Results: The majority of patients completed Wk 16 of each study (bDMARD-naïve: 821/852 [96.4%]; TNFi-IR: 388/400 [97.0%]). Patients achieving higher ACR response thresholds demonstrated sequentially greater mean (95% CI) improvements from baseline in HAQ-DI (bDMARD-naïve: < ACR20: −0.02 [−0.06, 0.02], ACR20–< ACR50: −0.22 [−0.28, −0.15], ACR50–< ACR70: −0.42 [−0.49, −0.35], ACR70: −0.53 [−0.60, −0.45]; TNFi-IR: −0.08 [−0.14, −0.01], −0.32 [−0.40, −0.24], −0.39 [−0.49, −0.29], −0.69 [−0.79, −0.58]; Figure 1A) and PtAAP scores (bDMARD-naïve: < ACR20: −0.1 [−2.3, 2.0], ACR20–< ACR50: −21.1 [−24.0, −18.1], ACR50–< ACR70: −33.8 [−37.6, −30.0], ACR70: −48.5 [−52.1, −44.9]; TNFi-IR: −2.7 [−5.9, 0.5], −23.9 [−28.2, −19.5], −37.4 [−43.0, −31.8], −50.5 [−56.3, −44.8]; Figure 1B) in both studies. Similar results were seen with MDA and DAPSA (Figure 1). Patients achieving ≥PASI50 also exhibited greater improvements versus the < PASI50 group in both studies (Figure 1).

Conclusion: Patients with active PsA who achieved increasingly stringent disease control criteria at Wk 16, as evaluated by clinicians, reported greater improvements in their HAQ-DI (physical function) and PtAAP (pain) scores, regardless of whether they were bDMARD-naïve (BE OPTIMAL) or TNFi-IR (BE COMPLETE).

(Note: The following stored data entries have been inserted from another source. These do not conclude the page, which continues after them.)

(* Let $p$ be a prime and $k,\ell$ integers with $k>0$, $\ell\ge 0$; put $q=p^k$ and $Q=p^{\ell}$. Then the following are equivalent: (1) $\gcd(q-1,Q+1)=1$, or equivalently $p=2$ and $\operatorname{ord}_2(k)\le\operatorname{ord}_2(\ell)$; (2) $f_1(X)=X^{q^2Q+q}+X^{qQ+q^2}+X^{Q+1}$ permutes $\mathbb{F}_{q^3}$; (3) $f_2(X)=X^{q^2Q+1}+X^{qQ+1}+X^{Q+q^2}+X^{Q+q}-X^{Q+1}$ permutes $\mathbb{F}_{q^3}$; (4) $f_3(X)=X^{q^2Q+q}+X^{qQ+q}+X^{Q+q^2}-X^{Q+q}+X^{Q+1}$ permutes $\mathbb{F}_{q^3}$; (5) $f_4(X)=X^{q^2Q+q^2}+X^{qQ+q^2}-X^{Q+q^2}+X^{Q+q}+X^{Q+1}$ permutes $\mathbb{F}_{q^3}$.
   Context: A polynomial permutes $\mathbb{F}_{q^3}$ if the induced map $\mathbb{F}_{q^3}\to\mathbb{F}_{q^3}$ is a bijection. For a nonzero integer $N$, $\operatorname{ord}_2(N)$ is the largest integer $s\ge0$ with $2^s\mid N$, and $\operatorname{ord}_2(0)=\infty$. *)

theory Defs
  imports "HOL-Computational_Algebra.Primes" "HOL-Library.Extended_Nat"
begin

definition ord2 :: "nat \<Rightarrow> enat" where
  "ord2 N = (if N = 0 then \<infinity> else enat (multiplicity (2::nat) N))"

end

theory Submission
  imports Defs "HOL-Computational_Algebra.Polynomial" "HOL-Number_Theory.Cong"
begin

text \<open>
  For odd \<open>p\<close> both \<open>q - 1\<close> and \<open>Q + 1\<close> are even, so the substance is the case
  \<open>q = 2 ^ k\<close>, \<open>Q = 2 ^ l\<close>.
  Every \<open>x\<close> splits as \<open>x = u + t\<close> with \<open>t = x + x ^ q + x ^ q\<^sup>2\<close> in \<open>\<bbbF>\<^sub>q\<close> and \<open>u\<close> of trace
  zero, and \<open>f\<^sub>i (u + t) = G\<^sub>i u + t ^ (Q + 1)\<close>. Adding the \<open>q\<close>-th power cancels the \<open>t\<close>-part and
  leaves a Frobenius image of \<open>H u = u ^ (Q + 1) + (u ^ q) ^ (Q + 1)\<close>, so \<open>f\<^sub>i\<close> is injective as
  soon as \<open>t \<mapsto> t ^ (Q + 1)\<close> is, and \<open>H\<close> is injective on elements of trace zero. For the
  latter, adjoin \<open>\<omega>\<close> with \<open>\<omega>\<^sup>2 + \<omega> + 1 = 0\<close>: the element \<open>a = (u ^ q + u) + u \<omega>\<close> determines
  \<open>u\<close>, and \<open>a ^ (Q + 1)\<close> (or \<open>a ^ (Q + q)\<close> when \<open>k\<close> and \<open>l\<close> are odd) depends only on \<open>H u\<close>.
  Under \<open>ord\<^sub>2 k \<le> ord\<^sub>2 l\<close> these exponents are coprime to \<open>N - 1\<close> for an \<open>N\<close> with
  \<open>z ^ N = z\<close> on the whole ring, so the power maps are injective.

  Conversely, if \<open>gcd (q - 1) (Q + 1) > 1\<close>, some root of unity \<open>z \<noteq> 1\<close> has \<open>z ^ q = z\<close> and
  \<open>z ^ (Q + 1) = 1\<close>; then every monomial \<open>x ^ (a * Q + b)\<close> with \<open>a, b \<in> {1, q, q\<^sup>2}\<close> takes the
  value \<open>1\<close> at both \<open>z\<close> and \<open>1\<close>.
\<close>

lemma numeral_CHAR_2:
  assumes "CHAR('a::semiring_1) = 2"
  shows "(numeral (Num.Bit0 n) :: 'a) = 0" and "(numeral (Num.Bit1 n) :: 'a) = 1"
proof -
  have "of_nat (numeral (Num.Bit0 n)) = (0::'a)"
    by (simp only: of_nat_eq_0_iff_char_dvd assms even_numeral)
  then show *: "(numeral (Num.Bit0 n) :: 'a) = 0"
    by simp
  show "(numeral (Num.Bit1 n) :: 'a) = 1"
    by (simp only: numeral_Bit1 numeral_Bit0[symmetric] * add_0)
qed

lemma add_self_CHAR_2:
  assumes "CHAR('a::ring_1) = 2"
  shows "(x::'a) + x = 0"
  using uminus_CHAR_2[OF assms, of x] by (simp add: add_eq_0_iff2)

lemma add_power_CHAR_2:
  assumes "CHAR('a::comm_semiring_1) = 2" and "m = 2 ^ n"
  shows "(x + y :: 'a) ^ m = x ^ m + y ^ m"
  using assms by (intro freshmans_dream') simp_all

lemma finite_field_power_card_minus_one:
  fixes x :: "'a::{finite,field}"
  assumes "x \<noteq> 0"
  shows "x ^ (card (UNIV :: 'a set) - 1) = 1"
proof -
  let ?U = "UNIV - {0::'a}"
  have "bij_betw ((*) x) ?U ?U"
    by (rule bij_betw_byWitness[where f' = "(*) (inverse x)"]) (use assms in auto)
  then have "(\<Prod>y\<in>?U. x * y) = \<Prod>?U"
    using prod.reindex_bij_betw[where g = id] by simp
  then have "x ^ card ?U * \<Prod>?U = 1 * \<Prod>?U"
    by (simp add: prod.distrib)
  moreover have "\<Prod>?U \<noteq> 0"
    by simp
  ultimately show ?thesis
    by (simp add: card_Diff_singleton)
qed

lemma finite_field_power_card:
  fixes x :: "'a::{finite,field}"
  shows "x ^ card (UNIV :: 'a set) = x"
proof (cases "x = 0")
  case False
  have "card (UNIV :: 'a set) = Suc (card (UNIV :: 'a set) - 1)"
    by (simp add: finite_UNIV_card_ge_0)
  then show ?thesis
    using finite_field_power_card_minus_one[OF False] by (metis power_Suc mult_1_right)
qed (simp add: finite_UNIV_card_ge_0)

lemma of_nat_card_eq_0:
  "of_nat (card (UNIV :: 'a::{finite,ring_1} set)) = (0::'a)"
proof -
  have "(\<Sum>y\<in>UNIV. y + 1) = (\<Sum>y\<in>UNIV. y :: 'a)"
    by (rule sum.reindex_bij_witness[where i = "\<lambda>y. y - 1" and j = "\<lambda>y. y + 1"]) auto
  then show ?thesis
    by (simp add: sum.distrib)
qed

lemma CHAR_finite_field:
  assumes "prime p" and "card (UNIV :: 'a::{finite,field} set) = p ^ n"
  shows "CHAR('a) = p"
proof -
  have "prime CHAR('a)"
    by (rule prime_CHAR_semidom) (simp add: finite_imp_CHAR_pos)
  moreover have "of_nat (p ^ n) = (0::'a)"
    using of_nat_card_eq_0[where 'a = 'a] assms(2) by metis
  then have "CHAR('a) dvd p ^ n"
    by (simp only: of_nat_eq_0_iff_char_dvd)
  ultimately show ?thesis
    using assms(1) by (metis prime_dvd_power primes_dvd_imp_eq)
qed

lemma card_roots_of_unity_le:
  assumes "M > 0"
  shows "card {x::'a::idom. x ^ M = 1} \<le> M"
proof -
  define P :: "'a poly" where "P = Polynomial.monom 1 M + [:-1:]"
  have "degree P = M"
    using assms unfolding P_def by (subst degree_add_eq_left) (simp_all add: degree_monom_eq)
  moreover have "P \<noteq> 0"
    using assms \<open>degree P = M\<close> by auto
  moreover have "{x. x ^ M = 1} = {x. poly P x = 0}"
    by (simp add: P_def poly_monom)
  ultimately show ?thesis
    using card_poly_roots_bound[of P] by simp
qed

lemma finite_field_nontrivial_root_of_unity:
  fixes d :: nat
  assumes "d dvd card (UNIV :: 'a::{finite,field} set) - 1" and "d > 1"
  shows "\<exists>z::'a. z \<noteq> 1 \<and> z ^ d = 1"
proof (rule ccontr)
  assume no_root: "\<nexists>z::'a. z \<noteq> 1 \<and> z ^ d = 1"
  obtain M where M: "card (UNIV :: 'a set) - 1 = M * d"
    using assms(1) by (metis dvdE mult.commute)
  have "card (UNIV :: 'a set) \<ge> 2"
    using card_mono[of "UNIV :: 'a set" "{0, 1}"] by simp
  then have "M > 0"
    using M by (cases M) auto
  have "x ^ M = 1" if "x \<noteq> 0" for x :: 'a
  proof -
    have "(x ^ M) ^ d = 1"
      using finite_field_power_card_minus_one[OF that] by (simp only: M power_mult)
    then show ?thesis
      using no_root by blast
  qed
  then have "card (UNIV - {0::'a}) \<le> card {x::'a. x ^ M = 1}"
    by (intro card_mono) auto
  also have "\<dots> \<le> M"
    using \<open>M > 0\<close> by (rule card_roots_of_unity_le)
  finally show False
    using M \<open>M > 0\<close> assms(2) by (simp add: card_Diff_singleton)
qed

section \<open>The numbers \<open>2 ^ m + 1\<close> and \<open>2 ^ n - 1\<close>\<close>

lemma dvd_two_pow_add_one_iff_cong:
  "(c::nat) dvd 2 ^ m + 1 \<longleftrightarrow> [2 ^ m = - 1] (mod int c)"
proof -
  have "c dvd 2 ^ m + 1 \<longleftrightarrow> int c dvd 2 ^ m + 1"
    by (metis int_dvd_int_iff of_nat_1 of_nat_add of_nat_numeral of_nat_power)
  then show ?thesis
    by (simp add: cong_iff_dvd_diff)
qed

lemma dvd_two_pow_diff_one_iff_cong:
  "(c::nat) dvd 2 ^ n - 1 \<longleftrightarrow> [2 ^ n = 1] (mod int c)"
proof -
  have "int (2 ^ n - 1) = 2 ^ n - 1"
    by simp
  then have "c dvd 2 ^ n - 1 \<longleftrightarrow> int c dvd 2 ^ n - 1"
    by (metis int_dvd_int_iff)
  then show ?thesis
    by (simp add: cong_iff_dvd_diff)
qed

lemma coprime_two_pow_add_one_two_pow_diff_one:
  fixes m n d n' :: nat
  assumes n: "n = d * n'" and "odd n'" and "d dvd m" and "n > 0"
  shows "coprime (2 ^ m + 1) (2 ^ n - 1 :: nat)"
proof (rule coprimeI)
  fix c :: nat
  assume cm: "c dvd 2 ^ m + 1" and cn: "c dvd 2 ^ n - 1"
  obtain m' where m: "m = d * m'"
    using \<open>d dvd m\<close> by blast
  have "[(2 ^ m) ^ n' = (- 1) ^ n'] (mod int c)"
    by (intro cong_pow) (use cm dvd_two_pow_add_one_iff_cong in blast)
  then have minus_one: "[2 ^ (m * n') = - 1] (mod int c)"
    using \<open>odd n'\<close> by (simp add: power_mult)
  have "[(2 ^ n) ^ m' = 1 ^ m'] (mod int c)"
    by (intro cong_pow) (use cn dvd_two_pow_diff_one_iff_cong in blast)
  moreover have "n * m' = m * n'"
    by (simp add: m n)
  ultimately have one: "[2 ^ (m * n') = 1] (mod int c)"
    by (simp only: power_mult[symmetric] power_one)
  have "[- 1 = 1] (mod int c)"
    using cong_trans[OF cong_sym[OF minus_one] one] .
  then have "c dvd 2"
    by (simp add: cong_iff_dvd_diff flip: int_dvd_int_iff)
  then have "c = 1 \<or> c = 2"
    using two_is_prime_nat unfolding prime_nat_iff by blast
  moreover have "odd (2 ^ n - 1 :: nat)"
    using \<open>n > 0\<close> by simp
  then have "odd c"
    using cn by (meson dvd_trans)
  ultimately show "is_unit c"
    by auto
qed

lemma not_coprime_two_pow_add_one_two_pow_diff_one:
  fixes m n d a :: nat
  assumes m: "m = d * a" and "odd a" and "2 * d dvd n" and "d > 0"
  shows "\<not> coprime (2 ^ m + 1) (2 ^ n - 1 :: nat)"
proof -
  let ?c = "2 ^ d + 1 :: nat"
  have base: "[2 ^ d = - 1] (mod int ?c)"
    using dvd_two_pow_add_one_iff_cong[of ?c d] by simp
  obtain b where n: "n = d * (2 * b)"
    using \<open>2 * d dvd n\<close> unfolding dvd_def by (metis mult.assoc mult.left_commute)
  have "[(2 ^ d) ^ a = (- 1) ^ a] (mod int ?c)"
    using base by (rule cong_pow)
  then have "[2 ^ m = - 1] (mod int ?c)"
    using \<open>odd a\<close> by (simp add: m power_mult)
  then have "?c dvd 2 ^ m + 1"
    using dvd_two_pow_add_one_iff_cong by blast
  moreover have "[(2 ^ d) ^ (2 * b) = (- 1) ^ (2 * b)] (mod int ?c)"
    using base by (rule cong_pow)
  then have "[2 ^ n = 1] (mod int ?c)"
    by (simp add: n power_mult)
  then have "?c dvd 2 ^ n - 1"
    using dvd_two_pow_diff_one_iff_cong by blast
  moreover have "?c \<noteq> 1"
    using \<open>d > 0\<close> by simp
  ultimately show ?thesis
    by (metis coprime_common_divisor_nat)
qed

lemma ord2_le_iff_odd_cofactor:
  assumes "k > 0"
  shows "ord2 k \<le> ord2 l \<longleftrightarrow> (\<exists>d k'. k = d * k' \<and> odd k' \<and> d dvd l)"
proof
  assume le: "ord2 k \<le> ord2 l"
  obtain k' where k': "k = 2 ^ multiplicity 2 k * k'" "\<not> 2 dvd k'"
    by (rule multiplicity_decompose'[of k 2]) (use assms in auto)
  have "2 ^ multiplicity 2 k dvd l"
  proof (cases "l = 0")
    case False
    then have "multiplicity 2 k \<le> multiplicity 2 l"
      using le assms by (simp add: ord2_def)
    then show ?thesis
      by (rule multiplicity_dvd')
  qed simp
  then show "\<exists>d k'. k = d * k' \<and> odd k' \<and> d dvd l"
    using k' by blast
next
  assume "\<exists>d k'. k = d * k' \<and> odd k' \<and> d dvd l"
  then obtain d k' where k: "k = d * k'" "odd k'" "d dvd l"
    by blast
  show "ord2 k \<le> ord2 l"
  proof (cases "l = 0")
    case False
    have "multiplicity (2::nat) k = multiplicity 2 d + multiplicity 2 k'"
      unfolding k(1) by (rule prime_elem_multiplicity_mult_distrib) (use assms k in auto)
    moreover have "multiplicity (2::nat) k' = 0"
      using k by (simp add: not_dvd_imp_multiplicity_0)
    moreover have "multiplicity (2::nat) d \<le> multiplicity 2 l"
      using k False by (intro dvd_imp_multiplicity_le)
    ultimately show ?thesis
      using assms False by (simp add: ord2_def)
  qed (simp add: ord2_def)
qed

Disclosures: J. Walsh, AbbVie, Amgen, Lilly, Novartis, Pfizer, UCB, Celgene, Janssen, Merck; L. Coates, AbbVie, Amgen, Boehringer-Ingelheim, Bristol-Myers Squibb (BMS), Eli Lilly, Gilead, Galapagos, Janssen, Medac, Novartis, Pfizer, UCB, Celgene, Biogen, Moonlake, GlaxoSmithKlein (GSK); P. Mease, AbbVie, Amgen, Janssen, Novartis, Pfizer Inc, UCB, Sun Pharma, Eli Lilly, Bristol-Myers Squibb(BMS), Celgene, Genentech; J. Merola, Novartis, Pfizer, Sun Pharma, UCB Pharma, Bristol-Myers Squibb(BMS), AbbVie, Dermavant, Eli Lilly, Janssen, Arena, Biogen; P. Nash, AbbVie, Eli Lilly, Janssen, Gilead, Bristol-Myers Squibb (BMS), Celgene; A. Ogdie, AbbVie, Amgen, Novartis, Pfizer Inc, Bristol-Myers Squibb, Celgene, Janssen, CorEvitas, Gilead Sciences, Eli Lilly, GlaxoSmithKline, Happify Health, UCB; W. Tillett, AbbVie, Amgen, Eli Lilly, Janssen, MSD, Novartis, Pfizer, UCB; P. Gisondi, AbbVie, Abiogen, Almirall, Celgene, Eli Lilly, Janssen, LEO Pharma, Merck/MSD, Novartis, Otsuka, Pfizer, Pierre Fabre, Sanofi, UCB Pharma; B. Ink, UCB Pharma, GlaxoSmithKlein(GSK); D. Assudani, UCB Pharma; R. Bajracharya, UCB Pharma; J. Lambert, UCB Pharma; V. Taieb, UCB Pharma; D. Willems, UCB Pharma; L. Erik, AbbVie/Abbott, Amgen, Biogen, Bristol-Myers Squibb(BMS), Eli Lilly, Gilead, Janssen, Merck/MSD, Novartis, Novo Nordisk, Pfizer, UCB Pharma.